A little over 20 years ago, the Unemployment Compensation Amendments of 1992 (“UCA”) imposed a requirement that all qualified retirement plans allow a direct rollover option out of the plan. However, UCA did not require that qualified retirement plans accept rollover contributions into the plan.
If a plan sponsor does elect to accept rollover contributions into its plan, certain regulations require that the plan administrator of the recipient plan “reasonably conclude” that the rollover is an “eligible rollover distribution” (essentially a permissible rollover from a tax-qualified plan or “individual retirement account” (“IRA”)) in order to be able to assume that such amount does not jeopardize the plan’s tax-qualified status. In addition, if the plan administrator later learns that the rollover was not an eligible rollover contribution, the plan administrator must distribute the rolled-over amount, adjusted for earnings, back to the contributing participant within a reasonable amount of time.
Unfortunately, the requirements above have certain limitations. The primary concern is that the plan administrator of a recipient plan generally lacks the direct knowledge necessary to determine whether a rollover it receives actually is an eligible rollover contribution. As a result, existing guidance provides various “due diligence” procedures under which a plan administrator will be deemed to have “reasonably concluded” that a tendered rollover is an eligible rollover from a qualified plan.
The procedures provided by the IRS in relation to this issue describe various fact patterns of acceptable plan administrator actions in this context that involve things such as: obtaining letters from the transferring plan or IRA regarding such plan’s or IRA’s qualified status; certain factual representations from the transferring participant regarding compliance with the applicable rules; and/or supporting documentation from the transferring plan or IRA. Absent facts which demonstrate a qualification / compliance issue, a plan administrator who follows the procedures highlighted above in connection with the current guidance may treat a rollover contribution into its plan as an eligible rollover contribution from a qualified source.
Notwithstanding the foregoing, the fact that qualified plans are not required to accept rollovers into the plan combined with the complication of evaluating the qualification of rollover contributions received has served to discourage some plan sponsors from accepting rollovers into their qualified plans. As a result, the IRS has revisited this issue in order to update and purportedly simplify some of the guidance on what a plan administrator must do in order to satisfy its due diligence requirements on this issue.
The IRS recently released Revenue Ruling 2014-9 (“Guidance”) which essentially describes certain new factual situations under which it is appropriate for a plan administrator to assume that a rollover contribution amount it receives is tax-qualified and, therefore, will not result in a compliance defect for the recipient plan. The following discusses the Guidance in greater detail.

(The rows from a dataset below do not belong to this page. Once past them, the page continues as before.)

lemma row_incr_reinforced:
  assumes "elementary_step s t" "t i j \<noteq> s i j"
  shows "row_incr s t i = a i j" "t i j = s i j + a i j" "adj i j"
proof -
  have h: "adj i j \<and> t i j = s i j + a i j \<and> (\<forall>k. k \<noteq> j \<longrightarrow> t i k = s i k)"
    using assms unfolding elementary_step_def by metis
  then show "t i j = s i j + a i j" "adj i j" by auto
  have "row_incr s t i = (\<Sum>k\<in>UNIV. t i k - s i k)"
    unfolding row_incr_def vsum_def by (simp add: sum_subtractf)
  also have "\<dots> = (\<Sum>k\<in>UNIV. if k = j then a i j else 0)"
    using h by (intro sum.cong) auto
  finally show "row_incr s t i = a i j" by simp
qed

lemma row_incr_bounds:
  assumes "elementary_step s t"
  shows "0 \<le> row_incr s t i" "row_incr s t i \<le> a_total"
proof -
  have "0 \<le> row_incr s t i \<and> row_incr s t i \<le> a_total"
  proof (cases "\<forall>j. t i j = s i j")
    case True
    then have "row_incr s t i = 0" unfolding row_incr_def vsum_def by simp
    then show ?thesis using a_nonneg by (simp add: a_total_def sum_nonneg)
  next
    case False
    then obtain j where "t i j \<noteq> s i j" by auto
    then show ?thesis using row_incr_reinforced[OF assms] a_nonneg a_le_a_total by metis
  qed
  then show "0 \<le> row_incr s t i" "row_incr s t i \<le> a_total" by auto
qed

lemma row_incr_partner:
  assumes "admissible s" "admissible t" "elementary_step s t" "t i j \<noteq> s i j"
  shows "row_incr s t j = t i j - s i j"
proof -
  have "t j i \<noteq> s j i" using assms(1,2,4) unfolding admissible_def by metis
  then have "row_incr s t j = a j i" using row_incr_reinforced[OF assms(3)] by metis
  then show ?thesis using row_incr_reinforced[OF assms(3,4)] a_sym by simp
qed
primrec msum :: "nat \<Rightarrow> (nat \<Rightarrow> complex mat) \<Rightarrow> nat \<Rightarrow> complex mat" where
  "msum n f 0 = 0\<^sub>m n n"
| "msum n f (Suc m) = msum n f m + f (Suc m)"

end

theory Submission
  imports Defs
begin

(* Write P_l = B^(1)...B^(l) and Q_l = C^(l)...C^(1), so L^(l) = P_(l-1) K^(l) L^(l)_D Q_(l-1).
   Because the rows of every C^(l)_p sum to one, Q_l P_l = I, and because the rows of a Laplacian
   sum to zero, L^(l)_D B^(l) = 0; together L^(i) P_j = 0 for all j >= i.  As L^(j) factors
   through P_(j-1), this gives L^(i) L^(j) = 0 for i < j.  For square matrices with A B = 0 the
   nonzero eigenvalues of A + B are exactly those of A and of B, so induction over the layers
   gives the nonzero part of the spectrum.
   Finally L_s P_M = 0, and P_M is a nonzero column (N^(M+1) = 1 and Q_(M-1) P_M = B^(M)),
   so 0 is an eigenvalue. *)

lemma smult_vec_eq_0_vecD:
  fixes v :: "'a :: field vec"
  assumes e: "e \<noteq> 0" and ev: "e \<cdot>\<^sub>v v = 0\<^sub>v n" and v: "v \<in> carrier_vec n"
  shows "v = 0\<^sub>v n"
proof (rule eq_vecI)
  fix i assume "i < dim_vec (0\<^sub>v n :: 'a vec)"
  with v have "e * v $ i = 0" using arg_cong[OF ev, of "\<lambda>w. w $ i"] by auto
  with e show "v $ i = 0\<^sub>v n $ i" using \<open>i < _\<close> by simp
qed (use v in simp)

lemma zero_mat_mult_vec [simp]: "v \<in> carrier_vec n \<Longrightarrow> 0\<^sub>m m n *\<^sub>v v = 0\<^sub>v m"
  by (intro eq_vecI) auto

lemma eigenvalue_zero_mat_imp_0:
  assumes "eigenvalue (0\<^sub>m n n :: 'a :: field mat) e" shows "e = 0"
proof (rule ccontr)
  assume "e \<noteq> 0"
  from assms obtain v where v: "v \<in> carrier_vec n" "v \<noteq> 0\<^sub>v n" "0\<^sub>m n n *\<^sub>v v = e \<cdot>\<^sub>v v"
    unfolding eigenvalue_def eigenvector_def by auto
  then have "e \<cdot>\<^sub>v v = 0\<^sub>v n" by simp
  with \<open>e \<noteq> 0\<close> v show False using smult_vec_eq_0_vecD by blast
qed
lemma tri_mult_closed:
  assumes A: "A \<in> carrier S" and B: "B \<in> carrier S"
  shows "A \<otimes>\<^bsub>S\<^esub> B \<in> carrier S"
proof -
  have "(A \<otimes>\<^bsub>S\<^esub> B) i j = \<zero>\<^bsub>R\<^esub>" if "n \<le> i \<or> n \<le> j" for i j
    using that by (auto simp: tri_mult_apply)
  moreover have "(A \<otimes>\<^bsub>S\<^esub> B) i j \<in> carrier R" if "i < n" "j < n" for i j
    using that tri_entry_closed[OF A] tri_entry_closed[OF B]
    by (auto simp: tri_mult_apply intro!: R.finsum_closed)
  moreover have "(A \<otimes>\<^bsub>S\<^esub> B) i j = \<zero>\<^bsub>R\<^esub>" if "j < i" for i j
    by (rule tri_mult_entry_eq_zero[OF A B, where k = 0 and m = 0])
      (use that tri_entry_below_diag[OF A] tri_entry_below_diag[OF B] in auto)
  moreover have "(A \<otimes>\<^bsub>S\<^esub> B) i i = (A \<otimes>\<^bsub>S\<^esub> B) 0 0" if "i < n" for i
    using tri_mult_diag[OF A B that] tri_mult_diag[OF A B, of 0] tri_diag_eq[OF A that]
      tri_diag_eq[OF B that] that by simp
  ultimately show ?thesis
    unfolding tri_carrier_iff by blast
qed

lemma tri_finsum_apply:
  assumes "ring S" and "finite I" and "Y \<in> I \<rightarrow> carrier S" and "i < n" "j < n"
  shows "finsum S Y I i j = (\<Oplus>\<^bsub>R\<^esub> k\<in>I. Y k i j)"
proof -
  interpret S: ring S by (fact \<open>ring S\<close>)
  show ?thesis
    using assms(2,3)
  proof (induction I rule: finite_induct)
    case empty
    then show ?case
      by (simp add: tri_zero_apply)
  next
    case (insert x F)
    have "(\<lambda>k. Y k i j) \<in> insert x F \<rightarrow> carrier R"
      using insert.prems tri_entry_closed \<open>i < n\<close> \<open>j < n\<close> by blast
    then show ?case
      using insert \<open>i < n\<close> \<open>j < n\<close> by (simp add: S.finsum_insert tri_add_apply)
  qed
qed

lemma upper_band_0: "upper_band R n 0 = carrier S"
  by (auto simp: upper_band_def tri_entry_below_diag)

lemma upper_band_mono: "k \<le> l \<Longrightarrow> upper_band R n l \<subseteq> upper_band R n k"
  by (auto simp: upper_band_def)

lemma upper_band_mult:
  assumes "A \<in> upper_band R n k" "B \<in> upper_band R n m"
  shows "A \<otimes>\<^bsub>S\<^esub> B \<in> upper_band R n (k + m)"
  using assms tri_mult_closed tri_mult_entry_eq_zero[of A B k m]
  by (auto simp: upper_band_def)

lemma upper_band_ideal:
  assumes "ring S"
  shows "ideal (upper_band R n k) S"
proof -
  interpret S: ring S by (fact \<open>ring S\<close>)
  have left: "C \<otimes>\<^bsub>S\<^esub> A \<in> upper_band R n k" if "A \<in> upper_band R n k" "C \<in> carrier S" for A C
    using upper_band_mult[of C 0 A k] that by (simp add: upper_band_0)
  have right: "A \<otimes>\<^bsub>S\<^esub> C \<in> upper_band R n k" if "A \<in> upper_band R n k" "C \<in> carrier S" for A C
    using upper_band_mult[of A k C 0] that by (simp add: upper_band_0)
  have "subgroup (upper_band R n k) (add_monoid S)"
  proof (rule S.add.subgroupI)
    show "upper_band R n k \<subseteq> carrier S" "upper_band R n k \<noteq> {}"
      by (auto simp: upper_band_def tri_zero_apply intro!: exI[of _ "\<zero>\<^bsub>S\<^esub>"])
  next
    fix A assume A: "A \<in> upper_band R n k"
    then have "\<ominus>\<^bsub>S\<^esub> A = (\<ominus>\<^bsub>S\<^esub> \<one>\<^bsub>S\<^esub>) \<otimes>\<^bsub>S\<^esub> A"
      by (simp add: upper_band_def S.l_minus)
    then show "\<ominus>\<^bsub>S\<^esub> A \<in> upper_band R n k"
      using left[OF A] by simp
  next
    fix A B assume "A \<in> upper_band R n k" "B \<in> upper_band R n k"
    then show "A \<oplus>\<^bsub>S\<^esub> B \<in> upper_band R n k"
      by (auto simp: upper_band_def tri_add_apply)
  qed
  then show ?thesis
    using left right by (intro idealI \<open>ring S\<close>)
qed
(* Let $n\ge2$ and $\mathbf{F}\in\mathbb{R}^n$ with $F_k>0$ for all $k$ and $F_k\ge F_{k+1}$ for $3\le k\le n-1$. Let $U_i=\frac{i}{3/F_1+\sum_{k=2}^i1/F_k}$ and $V_i=\frac{i-1}{\sum_{k=1}^i1/F_k}$ for $2\le i\le n$; let $u$ be the least index in $\arg\max_{2\le i\le n}U_i$ and $v$ the least index in $\arg\max_{2\le i\le n}V_i$. Assume $U_u\ge V_v$. Define $\boldsymbol\mu\in\mathbb{R}^n$ by $\mu_1=\frac12-\frac{U_u}{F_1}$, $\mu_k=1-\frac{U_u}{F_k}$ for $3\le k\le u$, and $\mu_k=0$ otherwise. Then: (1) $\mu_k\ge0$ for all $1\le k\le n$; (2) $F_1(\frac12-\mu_1)=F_2\big(\frac12+3\mu_1+\sum_{i=3}^u\mu_i\big)=F_k(1-\mu_k)=U_u$ for all $3\le k\le u$; (3) $F_k\le U_u$ for all $u+1\le k\le n$.
   Context: Note $U_u=\frac{u}{3/F_1+\sum_{k=2}^u1/F_k}$. *)

theory Defs
  imports Complex_Main
begin

text \<open>Vectors F in R^n are represented as functions nat => real, indexed 1..n.\<close>

definition U :: "(nat \<Rightarrow> real) \<Rightarrow> nat \<Rightarrow> real" where
  "U F i = real i / (3 / F 1 + (\<Sum>k=2..i. 1 / F k))"

definition V :: "(nat \<Rightarrow> real) \<Rightarrow> nat \<Rightarrow> real" where
  "V F i = (real i - 1) / (\<Sum>k=1..i. 1 / F k)"

definition least_argmax :: "(nat \<Rightarrow> real) \<Rightarrow> nat \<Rightarrow> nat" where
  "least_argmax G n = (LEAST i. 2 \<le> i \<and> i \<le> n \<and> (\<forall>j. 2 \<le> j \<and> j \<le> n \<longrightarrow> G j \<le> G i))"

definition mu :: "(nat \<Rightarrow> real) \<Rightarrow> nat \<Rightarrow> nat \<Rightarrow> real" where
  "mu F n k = (let u = least_argmax (U F) n in
     if k = 1 then 1/2 - U F u / F 1
     else if 3 \<le> k \<and> k \<le> u then 1 - U F u / F k
     else 0)"

end

theory Submission
  imports Defs
begin

text \<open>
  Write \<open>U F i = i / S i\<close> with \<open>S = U_denom F\<close>. Passing from \<open>i\<close> to \<open>i + 1\<close> adds \<open>1\<close> to the
  numerator and \<open>1 / F (i + 1)\<close> to the denominator, so \<open>U F (i + 1)\<close> lies between \<open>U F i\<close> and
  \<open>F (i + 1)\<close>. Maximality of \<open>U F u\<close> therefore gives \<open>F (u + 1) \<le> U F u\<close>, hence (3) because the
  tail of \<open>F\<close> is non-increasing, and minimality of \<open>u\<close> gives \<open>U F u < F u \<le> F k\<close> for
  \<open>3 \<le> k \<le> u\<close>, i.e. \<open>\<mu>\<^sub>k \<ge> 0\<close>. As \<open>V F u\<close> is at most the maximum of \<open>V F\<close>, the
  hypothesis gives \<open>V F u \<le> U F u\<close>, which unfolds to \<open>2 U F u \<le> F 1\<close>, i.e. \<open>\<mu>\<^sub>1 \<ge> 0\<close>; the
  identities (2) are algebra with \<open>U F u * S u = u\<close>.
\<close>

lemma least_argmax_is_argmax:
  fixes G :: "nat \<Rightarrow> real"
  assumes "2 \<le> n"
  shows "2 \<le> least_argmax G n \<and> least_argmax G n \<le> n
    \<and> (\<forall>j. 2 \<le> j \<and> j \<le> n \<longrightarrow> G j \<le> G (least_argmax G n))"
proof -
  have "Max (G ` {2..n}) \<in> G ` {2..n}"
    using assms by (intro Max_in) auto
  then obtain i where "i \<in> {2..n}" "G i = Max (G ` {2..n})"
    by auto
  then have "2 \<le> i \<and> i \<le> n \<and> (\<forall>j. 2 \<le> j \<and> j \<le> n \<longrightarrow> G j \<le> G i)"
    by auto
  then show ?thesis
    unfolding least_argmax_def by (rule LeastI)
qed

lemma least_argmax_less:
  fixes G :: "nat \<Rightarrow> real"
  assumes "2 \<le> n" "2 \<le> j" "j < least_argmax G n"
  shows "G j < G (least_argmax G n)"
proof -
  have "\<not> (2 \<le> j \<and> j \<le> n \<and> (\<forall>i. 2 \<le> i \<and> i \<le> n \<longrightarrow> G i \<le> G j))"
    using not_less_Least assms(3) unfolding least_argmax_def by blast
  then show ?thesis
    using least_argmax_is_argmax[OF assms(1), of G] assms(2,3) by force
qed

lemma antitone_tail_le:
  fixes F :: "nat \<Rightarrow> real"
  assumes "\<And>k. 3 \<le> k \<Longrightarrow> k \<le> n - 1 \<Longrightarrow> F k \<ge> F (k + 1)"
    and "3 \<le> k" "k \<le> m" "m \<le> n"
  shows "F m \<le> F k"
  using assms(3,4)
proof (induction m rule: dec_induct)
  case base
  then show ?case by simp
next
  case (step j)
  have "F (Suc j) \<le> F j"
    using assms(1)[of j] assms(2) step by simp
  with step show ?case
    by simp
qed

lemma mean_step_le_iff:
  fixes a S x :: real
  assumes "S > 0" "x > 0"
  shows "(a + 1) / (S + 1 / x) \<le> a / S \<longleftrightarrow> x \<le> a / S"
proof -
  have "S + 1 / x > 0"
    using assms by (simp add: add_pos_pos)
  then show ?thesis
    using assms by (simp add: field_simps)
qed

lemma mean_step_less_iff:
  fixes a S x :: real
  assumes "S > 0" "x > 0"
  shows "(a + 1) / (S + 1 / x) < x \<longleftrightarrow> a / S < x"
proof -
  have "S + 1 / x > 0"
    using assms by (simp add: add_pos_pos)
  then show ?thesis
    using assms by (simp add: field_simps)
qed

definition U_denom :: "(nat \<Rightarrow> real) \<Rightarrow> nat \<Rightarrow> real" where
  "U_denom F i = 3 / F 1 + (\<Sum>k=2..i. 1 / F k)"

lemma U_eq_div_denom: "U F i = real i / U_denom F i"
  unfolding U_def U_denom_def ..

lemma U_denom_Suc: "1 \<le> i \<Longrightarrow> U_denom F (Suc i) = U_denom F i + 1 / F (Suc i)"
  unfolding U_denom_def by (simp add: sum.cl_ivl_Suc)

lemma U_denom_pos:
  assumes "\<And>k. 1 \<le> k \<Longrightarrow> k \<le> i \<Longrightarrow> F k > 0" "1 \<le> i"
  shows "U_denom F i > 0"
proof -
  have "(\<Sum>k=2..i. 1 / F k) \<ge> 0"
    using assms(1) by (intro sum_nonneg) (simp add: less_imp_le)
  moreover have "3 / F 1 > 0"
    using assms by simp
  ultimately show ?thesis
    unfolding U_denom_def by linarith
qed

lemma U_times_denom: "1 \<le> i \<Longrightarrow> (\<And>k. 1 \<le> k \<Longrightarrow> k \<le> i \<Longrightarrow> F k > 0) \<Longrightarrow>
    U F i * U_denom F i = real i"
  using U_denom_pos[of i F] by (simp add: U_eq_div_denom)

lemma U_Suc_le_iff:
  assumes "\<And>k. 1 \<le> k \<Longrightarrow> k \<le> Suc i \<Longrightarrow> F k > 0" "1 \<le> i"
  shows "U F (Suc i) \<le> U F i \<longleftrightarrow> F (Suc i) \<le> U F i"
  using mean_step_le_iff[of "U_denom F i" "F (Suc i)" "real i"] U_denom_pos[of i F] assms
  by (simp add: U_eq_div_denom U_denom_Suc add.commute)

lemma U_Suc_less_iff:
  assumes "\<And>k. 1 \<le> k \<Longrightarrow> k \<le> Suc i \<Longrightarrow> F k > 0" "1 \<le> i"
  shows "U F (Suc i) < F (Suc i) \<longleftrightarrow> U F i < F (Suc i)"
  using mean_step_less_iff[of "U_denom F i" "F (Suc i)" "real i"] U_denom_pos[of i F] assms
  by (simp add: U_eq_div_denom U_denom_Suc add.commute)

lemma V_le_U_iff:
  assumes "\<And>k. 1 \<le> k \<Longrightarrow> k \<le> i \<Longrightarrow> F k > 0" "1 \<le> i"
  shows "V F i \<le> U F i \<longleftrightarrow> 2 * U F i \<le> F 1"
proof -
  define T where "T = (\<Sum>k=1..i. 1 / F k)"
  have "T = 1 / F 1 + (\<Sum>k=2..i. 1 / F k)"
    unfolding T_def using assms(2) by (simp add: sum.atLeast_Suc_atMost numeral_2_eq_2)
  then have denom: "U_denom F i = 2 / F 1 + T"
    unfolding U_denom_def by simp
  have "T > 0"
    unfolding T_def using assms by (intro sum_pos) auto
  moreover have "F 1 > 0"
    using assms by simp
  ultimately have "2 + T * F 1 > 0"
    by (simp add: add_pos_pos)
  with \<open>T > 0\<close> \<open>F 1 > 0\<close> have "V F i \<le> U F i \<longleftrightarrow> 2 * real i \<le> 2 + T * F 1"
    and "2 * U F i \<le> F 1 \<longleftrightarrow> F 1 * (2 * real i) \<le> F 1 * (2 + T * F 1)"
    unfolding V_def U_eq_div_denom denom T_def[symmetric] by (simp_all add: field_simps)
  with \<open>F 1 > 0\<close> show ?thesis
    by simp
qed

lemma F_Suc_least_argmax_U_le:
  assumes "2 \<le> n" "\<And>k. 1 \<le> k \<Longrightarrow> k \<le> n \<Longrightarrow> F k > 0"
    and "least_argmax (U F) n < n"
  defines "u \<equiv> least_argmax (U F) n"
  shows "F (Suc u) \<le> U F u"
proof -
  have "2 \<le> u" "U F (Suc u) \<le> U F u"
    using least_argmax_is_argmax[OF assms(1), of "U F"] assms(3) unfolding u_def by auto
  with assms(2,3) show ?thesis
    unfolding u_def by (subst U_Suc_le_iff[symmetric]) auto
qed

lemma U_less_F_least_argmax_U:
  assumes "2 \<le> n" "\<And>k. 1 \<le> k \<Longrightarrow> k \<le> n \<Longrightarrow> F k > 0"
    and "3 \<le> least_argmax (U F) n"
  defines "u \<equiv> least_argmax (U F) n"
  shows "U F u < F u"
proof -
  obtain w where w: "u = Suc w" "2 \<le> w"
    using assms(3) unfolding u_def by (metis Suc_le_D Suc_le_mono numeral_3_eq_3 numeral_2_eq_2)
  have "u \<le> n"
    using least_argmax_is_argmax[OF assms(1)] unfolding u_def by blast
  then have pos: "\<And>k. 1 \<le> k \<Longrightarrow> k \<le> Suc w \<Longrightarrow> F k > 0"
    using assms(2) w(1) by simp
  have "U F w < U F u"
    using least_argmax_less[OF assms(1) w(2), of "U F"] w(1) unfolding u_def by simp
  then have "U F w < F u"
    using U_Suc_le_iff[of w F, OF pos] w by fastforce
  then show ?thesis
    using U_Suc_less_iff[of w F, OF pos] w by simp
qed

lemma F2_mu_balance:
  assumes "2 \<le> least_argmax (U F) n"
    and "\<And>k. 1 \<le> k \<Longrightarrow> k \<le> least_argmax (U F) n \<Longrightarrow> F k > 0"
  defines "u \<equiv> least_argmax (U F) n"
  shows "F 2 * (1/2 + 3 * mu F n 1 + (\<Sum>i=3..u. mu F n i)) = U F u"
proof -
  have "(\<Sum>i=3..u. mu F n i) = (\<Sum>i=3..u. 1 - U F u * (1 / F i))"
    by (intro sum.cong) (auto simp: mu_def Let_def u_def)
  also have "\<dots> = (real u - 2) - U F u * (\<Sum>i=3..u. 1 / F i)"
    using assms(1) by (simp add: sum_subtractf sum_distrib_left of_nat_diff u_def)
  finally have mu_sum: "(\<Sum>i=3..u. mu F n i) = (real u - 2) - U F u * (\<Sum>i=3..u. 1 / F i)" .
  have "F 2 > 0"
    using assms(1,2) by simp
  have "U_denom F u = 3 / F 1 + 1 / F 2 + (\<Sum>i=3..u. 1 / F i)"
    using assms(1) unfolding U_denom_def u_def
    by (simp add: sum.atLeast_Suc_atMost numeral_3_eq_3 numeral_2_eq_2)
  then have "1/2 + 3 * mu F n 1 + (\<Sum>i=3..u. mu F n i) = real u - U F u * (U_denom F u - 1 / F 2)"
    unfolding mu_sum by (simp add: mu_def Let_def u_def algebra_simps)
  also have "\<dots> = U F u / F 2"
    using U_times_denom[of u F] assms unfolding u_def by (simp add: algebra_simps)
  finally show ?thesis
    using \<open>F 2 > 0\<close> by simp
qed

theorem lemma8:
  fixes F :: "nat \<Rightarrow> real" and n :: nat
  assumes "n \<ge> 2"
    and "\<And>k. 1 \<le> k \<Longrightarrow> k \<le> n \<Longrightarrow> F k > 0"
    and "\<And>k. 3 \<le> k \<Longrightarrow> k \<le> n - 1 \<Longrightarrow> F k \<ge> F (k + 1)"
    and "U F (least_argmax (U F) n) \<ge> V F (least_argmax (V F) n)"
  shows "(\<forall>k. 1 \<le> k \<and> k \<le> n \<longrightarrow> mu F n k \<ge> 0)
    \<and> (let u = least_argmax (U F) n in
         F 1 * (1/2 - mu F n 1) = U F u
       \<and> F 2 * (1/2 + 3 * mu F n 1 + (\<Sum>i=3..u. mu F n i)) = U F u
       \<and> (\<forall>k. 3 \<le> k \<and> k \<le> u \<longrightarrow> F k * (1 - mu F n k) = U F u)
       \<and> (\<forall>k. u + 1 \<le> k \<and> k \<le> n \<longrightarrow> F k \<le> U F u))"
proof -
  define u where "u = least_argmax (U F) n"
  have u: "2 \<le> u" "u \<le> n"
    using least_argmax_is_argmax[OF assms(1)] unfolding u_def by auto
  have "V F u \<le> U F u"
    using least_argmax_is_argmax[OF assms(1), of "V F"] u assms(4) unfolding u_def by force
  then have mu1_nonneg: "2 * U F u \<le> F 1"
    using V_le_U_iff[of u F] u assms(2) by simp
  have F_antitone: "F m \<le> F k" if "3 \<le> k" "k \<le> m" "m \<le> n" for k m
    using antitone_tail_le[of n F k m] assms(3) that by blast
  have U_le_F: "U F u \<le> F k" if "3 \<le> k" "k \<le> u" for k
    using U_less_F_least_argmax_U[of n F] F_antitone[of k u] assms(1,2) u that
    unfolding u_def by fastforce
  have tail: "F k \<le> U F u" if "u + 1 \<le> k" "k \<le> n" for k
    using F_Suc_least_argmax_U_le[of n F] F_antitone[of "Suc u" k] assms(1,2) u that
    unfolding u_def by fastforce
  have "mu F n k \<ge> 0" if "1 \<le> k" "k \<le> n" for k
    using mu1_nonneg U_le_F[of k] assms(2)[of k] that
    by (auto simp: mu_def Let_def u_def[symmetric] field_simps)
  moreover have "F 2 * (1/2 + 3 * mu F n 1 + (\<Sum>i=3..u. mu F n i)) = U F u"
    using F2_mu_balance[of F n] u assms(2) unfolding u_def by simp
  moreover have "F 1 * (1/2 - mu F n 1) = U F u"
    using assms(2)[of 1] assms(1) by (simp add: mu_def Let_def u_def[symmetric])
  moreover have "F k * (1 - mu F n k) = U F u" if "3 \<le> k" "k \<le> u" for k
    using assms(2)[of k] u that by (simp add: mu_def Let_def u_def[symmetric])
  ultimately show ?thesis
    using tail unfolding Let_def u_def[symmetric] by simp
qed

end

The Guidance focuses on two specific factual situations regarding how a plan administrator might evaluate whether it is reasonable to accept a participant’s rollover contribution. In one situation, the rollover emanates from another employer’s retirement plan while, in the other, the rollover emanates from an IRA.
Rollover From an Employer
In the first scenario, the Guidance describes a plan administrator who receives a check payable to the trustee of the recipient plan for the benefit of the employee. The attached check stub identifies the source of the distribution as a retirement plan sponsored by another employer. The employee also certifies that the distribution does not include “after-tax” or designated Roth contributions which, in the example, are money types that are not accepted by the recipient plan.
The plan administrator who receives the rollover check accesses the electronic EFAST2 database (www.EFAST2.DOL.gov) maintained by the Department of Labor (“DOL”) and searches for the most recently filed Form 5500 in relation to the distributing plan. The plan administrator then confirms through the EFAST2 website that the Form 5500 does not show code 3C (which is used to indicate that the plan is not intended to be qualified under sections 401, 403, or 408 of the Internal Revenue Code) within line 8a of such form.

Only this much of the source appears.